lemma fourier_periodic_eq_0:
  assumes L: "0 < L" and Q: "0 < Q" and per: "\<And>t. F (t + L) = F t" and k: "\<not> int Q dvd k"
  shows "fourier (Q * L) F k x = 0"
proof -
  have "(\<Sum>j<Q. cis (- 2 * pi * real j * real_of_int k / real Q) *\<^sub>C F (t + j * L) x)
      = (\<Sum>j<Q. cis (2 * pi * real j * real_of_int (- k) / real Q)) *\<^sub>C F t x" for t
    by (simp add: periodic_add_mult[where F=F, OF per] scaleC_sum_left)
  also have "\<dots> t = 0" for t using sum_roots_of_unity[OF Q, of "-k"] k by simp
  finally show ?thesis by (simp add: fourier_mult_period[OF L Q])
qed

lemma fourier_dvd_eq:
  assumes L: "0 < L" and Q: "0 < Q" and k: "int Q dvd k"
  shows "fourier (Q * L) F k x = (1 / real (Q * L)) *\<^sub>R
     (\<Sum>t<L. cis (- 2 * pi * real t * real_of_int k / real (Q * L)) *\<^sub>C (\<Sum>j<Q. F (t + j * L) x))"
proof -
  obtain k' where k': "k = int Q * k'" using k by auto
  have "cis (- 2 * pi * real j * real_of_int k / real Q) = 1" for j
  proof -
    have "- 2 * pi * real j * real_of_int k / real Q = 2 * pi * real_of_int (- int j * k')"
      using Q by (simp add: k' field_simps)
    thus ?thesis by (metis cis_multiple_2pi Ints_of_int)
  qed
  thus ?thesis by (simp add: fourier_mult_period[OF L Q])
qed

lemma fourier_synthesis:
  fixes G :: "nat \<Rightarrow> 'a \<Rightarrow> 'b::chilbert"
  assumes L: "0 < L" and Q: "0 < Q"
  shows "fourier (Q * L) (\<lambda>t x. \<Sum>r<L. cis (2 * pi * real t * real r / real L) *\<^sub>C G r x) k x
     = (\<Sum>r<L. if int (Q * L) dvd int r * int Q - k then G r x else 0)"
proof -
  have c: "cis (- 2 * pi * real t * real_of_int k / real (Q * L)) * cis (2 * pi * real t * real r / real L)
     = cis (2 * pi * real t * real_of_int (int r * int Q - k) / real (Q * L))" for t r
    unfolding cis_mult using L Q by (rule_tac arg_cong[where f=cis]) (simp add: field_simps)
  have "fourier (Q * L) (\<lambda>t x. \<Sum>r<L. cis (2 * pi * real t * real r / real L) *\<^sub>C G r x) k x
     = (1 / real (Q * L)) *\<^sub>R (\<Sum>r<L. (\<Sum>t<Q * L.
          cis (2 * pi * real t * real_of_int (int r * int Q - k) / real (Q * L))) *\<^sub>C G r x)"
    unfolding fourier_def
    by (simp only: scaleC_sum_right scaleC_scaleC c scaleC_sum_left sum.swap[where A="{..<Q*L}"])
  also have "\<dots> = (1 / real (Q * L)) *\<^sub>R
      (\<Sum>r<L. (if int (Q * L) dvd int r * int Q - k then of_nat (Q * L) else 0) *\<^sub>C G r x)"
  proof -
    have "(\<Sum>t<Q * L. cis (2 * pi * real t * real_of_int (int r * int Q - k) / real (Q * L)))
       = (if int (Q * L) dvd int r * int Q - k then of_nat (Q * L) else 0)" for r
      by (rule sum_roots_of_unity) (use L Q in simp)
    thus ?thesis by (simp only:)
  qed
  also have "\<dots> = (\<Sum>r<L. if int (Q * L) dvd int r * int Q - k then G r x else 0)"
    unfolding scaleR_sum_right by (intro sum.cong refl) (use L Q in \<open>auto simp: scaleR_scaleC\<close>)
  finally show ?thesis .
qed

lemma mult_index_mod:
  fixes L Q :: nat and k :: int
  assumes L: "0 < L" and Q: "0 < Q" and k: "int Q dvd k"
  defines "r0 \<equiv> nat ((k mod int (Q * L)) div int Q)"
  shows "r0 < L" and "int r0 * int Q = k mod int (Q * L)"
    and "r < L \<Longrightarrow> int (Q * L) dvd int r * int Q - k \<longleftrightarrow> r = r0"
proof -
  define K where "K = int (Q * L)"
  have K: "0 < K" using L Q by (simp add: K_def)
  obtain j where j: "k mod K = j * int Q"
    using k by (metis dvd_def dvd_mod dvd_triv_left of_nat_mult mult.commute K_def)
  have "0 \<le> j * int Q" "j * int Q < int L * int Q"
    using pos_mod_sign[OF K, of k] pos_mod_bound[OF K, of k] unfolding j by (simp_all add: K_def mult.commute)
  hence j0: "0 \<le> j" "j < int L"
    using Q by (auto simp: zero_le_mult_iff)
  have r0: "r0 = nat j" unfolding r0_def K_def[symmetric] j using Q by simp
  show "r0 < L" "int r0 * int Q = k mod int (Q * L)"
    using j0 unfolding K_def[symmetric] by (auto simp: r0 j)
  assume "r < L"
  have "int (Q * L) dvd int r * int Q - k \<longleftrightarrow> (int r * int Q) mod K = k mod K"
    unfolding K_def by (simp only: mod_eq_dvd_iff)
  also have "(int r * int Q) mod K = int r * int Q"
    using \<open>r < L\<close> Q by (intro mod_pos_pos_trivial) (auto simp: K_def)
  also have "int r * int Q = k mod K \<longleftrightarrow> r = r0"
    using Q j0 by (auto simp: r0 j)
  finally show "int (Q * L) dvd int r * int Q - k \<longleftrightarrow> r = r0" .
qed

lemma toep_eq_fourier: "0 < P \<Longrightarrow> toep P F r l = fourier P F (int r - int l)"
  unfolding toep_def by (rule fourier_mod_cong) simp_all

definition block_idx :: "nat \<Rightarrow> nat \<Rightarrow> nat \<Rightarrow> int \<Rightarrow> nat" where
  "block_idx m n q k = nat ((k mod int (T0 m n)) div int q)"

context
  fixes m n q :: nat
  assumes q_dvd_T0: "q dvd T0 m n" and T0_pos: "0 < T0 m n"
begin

What is required:
Among the lines above, find the ones containing "assumes" and copy them.

Expected answer:
  assumes L: "0 < L" and Q: "0 < Q" and per: "\<And>t. F (t + L) = F t" and k: "\<not> int Q dvd k"
  assumes L: "0 < L" and Q: "0 < Q" and k: "int Q dvd k"
  assumes L: "0 < L" and Q: "0 < Q"
  assumes L: "0 < L" and Q: "0 < Q" and k: "int Q dvd k"
  assumes q_dvd_T0: "q dvd T0 m n" and T0_pos: "0 < T0 m n"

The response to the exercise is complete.